text \<open>
  Index the generators from 0, so that A_i is letter i (i < m) and B_t is letter m + t (t < k).
  Both phi and its inverse send A_i to a conjugate of A_i by a product of letters A_j^(+-1), j < i,
  and B_0 to such a product followed by B_0. By induction the n-th iterate conjugates A_i by
  A_0^(+-n) ... A_(i-1)^(+-n), and multiplies B_0 by A_0^(+-n) ... A_(m-1)^(+-n), so these basis
  elements grow linearly. For t > 0 the image of B_t consists of at most 2m letters A_j^(+-1) and of
  letters B_s^(+-1), s <= t, each occurring at most once; since word length is subadditive, the
  length b_t(n) of the n-th iterate of B_t satisfies b_t(n+1) <= sum_(s<=t) b_s(n) + O(n), and
  induction on t gives b_t(n) = O(n^(t+1)). The inverse of phi is written down explicitly; any
  other inverse agrees with it on the basis up to free reduction and therefore has the same growth.
\<close>

section \<open>Free reduction\<close>

fun reduced :: "letter list \<Rightarrow> bool" where
  "reduced [] = True"
| "reduced [x] = True"
| "reduced (x # y # ys) = (y \<noteq> inv_letter x \<and> reduced (y # ys))"

lemma inv_letter_inv [simp]: "inv_letter (inv_letter x) = x"
  by (simp add: inv_letter_def)

lemma inv_letter_Pair [simp]: "inv_letter (a, b) = (a, \<not> b)"
  by (simp add: inv_letter_def)

lemma inv_word_Nil [simp]: "inv_word [] = []"
  by (simp add: inv_word_def)

lemma inv_word_Cons [simp]: "inv_word (x # w) = inv_word w @ [inv_letter x]"
  by (simp add: inv_word_def)

lemma inv_word_append [simp]: "inv_word (u @ v) = inv_word v @ inv_word u"
  by (simp add: inv_word_def)

lemma inv_word_inv_word [simp]: "inv_word (inv_word w) = w"
  by (simp add: inv_word_def rev_map comp_def)

lemma length_inv_word [simp]: "length (inv_word w) = length w"
  by (simp add: inv_word_def)

lemma reduce_Nil [simp]: "reduce [] = []"
  by (simp add: reduce_def)

lemma reduce_Cons: "reduce (x # w) = red_step x (reduce w)"
  by (simp add: reduce_def)

lemma reduce_single [simp]: "reduce [x] = [x]"
  by (simp add: reduce_Cons red_step_def)

lemma reduced_reduce: "reduced (reduce w)"
proof (induct w)
  case (Cons x w)
  then show ?case
    by (cases "reduce w" rule: reduced.cases) (auto simp: reduce_Cons red_step_def)
qed simp

lemma red_step_cancel:
  assumes "reduced w"
  shows "red_step x (red_step (inv_letter x) w) = w"
  using assms by (cases w rule: reduced.cases) (auto simp: red_step_def)

lemma reduce_reduce_append: "reduce (reduce u @ v) = reduce (u @ v)"
proof (induct u)
  case (Cons x u)
  show ?case
  proof (cases "\<exists>ys. reduce u = inv_letter x # ys")
    case True
    then obtain ys where ys: "reduce u = inv_letter x # ys" by blast
    have "reduce ((x # u) @ v) = red_step x (reduce (reduce u @ v))"
      by (simp add: reduce_Cons Cons)
    also have "\<dots> = red_step x (red_step (inv_letter x) (reduce (ys @ v)))"
      by (simp add: ys reduce_Cons)
    also have "\<dots> = reduce (ys @ v)"
      by (rule red_step_cancel[OF reduced_reduce])
    also have "\<dots> = reduce (reduce (x # u) @ v)"
      by (simp add: reduce_Cons ys red_step_def)
    finally show ?thesis by simp
  next
    case False
    then have "red_step x (reduce u) = x # reduce u"
      by (cases "reduce u") (auto simp: red_step_def)
    then show ?thesis
      using Cons by (simp add: reduce_Cons)
  qed
qed simp

lemma reduce_reduce [simp]: "reduce (reduce u) = reduce u"
  using reduce_reduce_append[of u "[]"] by simp

lemma reduce_append_reduce: "reduce (u @ reduce v) = reduce (u @ v)"
  using reduce_reduce[of v] by (simp add: reduce_def)

lemma reduce_append_reduce_append: "reduce (u @ reduce v @ w) = reduce (u @ v @ w)"
  by (metis reduce_reduce_append reduce_append_reduce)

lemma reduce_cong_middle:
  "reduce v = reduce v' \<Longrightarrow> reduce (u @ v @ w) = reduce (u @ v' @ w)"
  by (metis reduce_append_reduce_append)

lemma reduce_append_inv_word [simp]: "reduce (w @ inv_word w) = []"
proof (induct w)
  case (Cons x w)
  have "reduce ((x # w) @ inv_word (x # w))
      = red_step x (reduce (reduce (w @ inv_word w) @ [inv_letter x]))"
    by (simp add: reduce_Cons reduce_reduce_append)
  then show ?case
    using Cons by (simp add: red_step_def)
qed simp

lemma reduce_inv_word_append [simp]: "reduce (inv_word w @ w) = []"
  using reduce_append_inv_word[of "inv_word w"] by simp

lemma reduce_cancel: "reduce (u @ w @ inv_word w @ v) = reduce (u @ v)"
  using reduce_append_reduce_append[of u "w @ inv_word w" v] by simp

lemma reduce_cancel_inv: "reduce (u @ inv_word w @ w @ v) = reduce (u @ v)"
  using reduce_append_reduce_append[of u "inv_word w @ w" v] by simp

lemma length_reduce_le: "length (reduce w) \<le> length w"
proof (induct w)
  case (Cons x w)
  then show ?case
    by (cases "reduce w") (auto simp: reduce_Cons red_step_def)
qed simp

lemma set_reduce_subset: "set (reduce w) \<subseteq> set w"
proof (induct w)
  case (Cons x w)
  then show ?case
    by (cases "reduce w") (auto simp: reduce_Cons red_step_def)
qed simp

## REQUIRED WORK
For every line above that holds the word "thesis", report the whole line.

## TASK RESULT
    finally show ?thesis by simp
    then show ?thesis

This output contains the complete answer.